-- Dataset entries follows --
lemma delta_act:
  assumes p: "p \<in> carrier Z" and a: "a \<in> carrier G1"
  shows "\<delta> (act (fst p) a) = p \<otimes>\<^bsub>Z\<^esub> \<delta> a \<otimes>\<^bsub>Z\<^esub> inv\<^bsub>Z\<^esub> p"
proof -
  obtain x \<xi> where P: "p = (x, \<xi>)" by fastforce
  have x: "x \<in> carrier G0" using p unfolding P by simp
  have "\<delta> (act x a) \<otimes>\<^bsub>Z\<^esub> (x, \<xi>) = (x, \<xi>) \<otimes>\<^bsub>Z\<^esub> \<delta> a"
    unfolding delta_eq Z0_mult prod.inject
  proof (intro conjI restrict_ext)
    show "d (act x a) \<otimes>\<^bsub>G0\<^esub> x = x \<otimes>\<^bsub>G0\<^esub> d a" using x a by (simp add: G0.m_assoc)
  next
    fix t assume t: "t \<in> carrier G0"
    have swap: "\<xi> t \<otimes>\<^bsub>G1\<^esub> act (t \<otimes>\<^bsub>G0\<^esub> x) (inv\<^bsub>G1\<^esub> a) = act (x \<otimes>\<^bsub>G0\<^esub> t) (inv\<^bsub>G1\<^esub> a) \<otimes>\<^bsub>G1\<^esub> \<xi> t"
      using Z0_swap[OF p[unfolded P] t _ G1.inv_closed[OF a], of "t \<otimes>\<^bsub>G0\<^esub> x"] x t
      by (simp add: G0.commut_mult_swap del: act_inv)
    have "act (d (act x a)) (\<xi> t) \<otimes>\<^bsub>G1\<^esub> (act x a \<otimes>\<^bsub>G1\<^esub> inv\<^bsub>G1\<^esub> (act t (act x a)))
        = act x a \<otimes>\<^bsub>G1\<^esub> (\<xi> t \<otimes>\<^bsub>G1\<^esub> act (t \<otimes>\<^bsub>G0\<^esub> x) (inv\<^bsub>G1\<^esub> a))"
      using p x t a unfolding P by (simp add: act_d G1.m_assoc del: d_act)
    also have "\<dots> = act x (a \<otimes>\<^bsub>G1\<^esub> inv\<^bsub>G1\<^esub> (act t a)) \<otimes>\<^bsub>G1\<^esub> \<xi> t"
      unfolding swap using p x t a unfolding P by (simp add: G1.m_assoc)
    finally show "act (d (act x a)) (\<xi> t) \<otimes>\<^bsub>G1\<^esub>
        (\<lambda>t\<in>carrier G0. act x a \<otimes>\<^bsub>G1\<^esub> inv\<^bsub>G1\<^esub> (act t (act x a))) t =
        act x ((\<lambda>t\<in>carrier G0. a \<otimes>\<^bsub>G1\<^esub> inv\<^bsub>G1\<^esub> (act t a)) t) \<otimes>\<^bsub>G1\<^esub> \<xi> t"
      using t by simp
  qed
  then show ?thesis
    using group.eq_conj_of_mult[OF Z0_group delta_closed[OF act_closed[OF x a]] p delta_closed[OF a]]
    unfolding P by simp
qed

end

theorem corollary3p8:
  fixes G1 :: "('a, 'm) monoid_scheme" and G0 :: "('b, 'n) monoid_scheme"
    and d :: "'a \<Rightarrow> 'b" and act :: "'b \<Rightarrow> 'a \<Rightarrow> 'a"
  assumes "crossed_module G1 G0 d act"
  shows "braided_crossed_module G1 (Z0 G1 G0 d act) (Z0_delta G1 G0 d act) Z0_bracket
    \<and> (\<forall>z\<in>carrier (Z0 G1 G0 d act). \<forall>a\<in>carrier G1.
          Z0_bracket z (Z0_delta G1 G0 d act a) \<otimes>\<^bsub>G1\<^esub> a = act (fst z) a)
    \<and> crossed_module G1 (Z0 G1 G0 d act) (Z0_delta G1 G0 d act) (\<lambda>z a. act (fst z) a)"
proof -
  have "group G1" "group G0" using assms unfolding crossed_module_def by blast+
  then interpret xmod G1 G0 d act by (intro xmod.intro xmod_axioms.intro assms)
  interpret Z: group Z by (rule Z0_group)
  interpret fst: group_hom Z G0 fst by (rule Z0_fst_group_hom)
  interpret \<delta>: group_hom G1 Z \<delta> by (rule delta_group_hom)
  have "braided_crossed_module G1 Z \<delta> Z0_bracket"
    unfolding braided_crossed_module_def
    using G1.group_axioms Z.group_axioms \<delta>.homh Z0_bracket_closed delta_bracket
      Z0_bracket_delta_delta Z0_bracket_delta_left Z0_bracket_mult_right Z0_bracket_mult_left
    by (intro conjI ballI) assumption+
  moreover have "crossed_module G1 Z \<delta> (\<lambda>z a. act (fst z) a)"
    unfolding crossed_module_def
  proof (intro conjI ballI)
    fix b a assume "a \<in> carrier G1" "b \<in> carrier G1"
    then show "act (fst (\<delta> b)) a = b \<otimes>\<^bsub>G1\<^esub> a \<otimes>\<^bsub>G1\<^esub> inv\<^bsub>G1\<^esub> b"
      by (simp add: delta_eq act_d)
  qed (simp_all add: G1.group_axioms Z.group_axioms \<delta>.homh fst.hom_mult delta_act)
  ultimately show ?thesis
    by (simp add: Z0_bracket_delta_mult)
qed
-- Dataset entries concluded --
Task to carry out: Using the listing above, show each line with the word "lambda" in it.

Output below:
        (\<lambda>t\<in>carrier G0. act x a \<otimes>\<^bsub>G1\<^esub> inv\<^bsub>G1\<^esub> (act t (act x a))) t =
        act x ((\<lambda>t\<in>carrier G0. a \<otimes>\<^bsub>G1\<^esub> inv\<^bsub>G1\<^esub> (act t a)) t) \<otimes>\<^bsub>G1\<^esub> \<xi> t"
    \<and> crossed_module G1 (Z0 G1 G0 d act) (Z0_delta G1 G0 d act) (\<lambda>z a. act (fst z) a)"
  moreover have "crossed_module G1 Z \<delta> (\<lambda>z a. act (fst z) a)"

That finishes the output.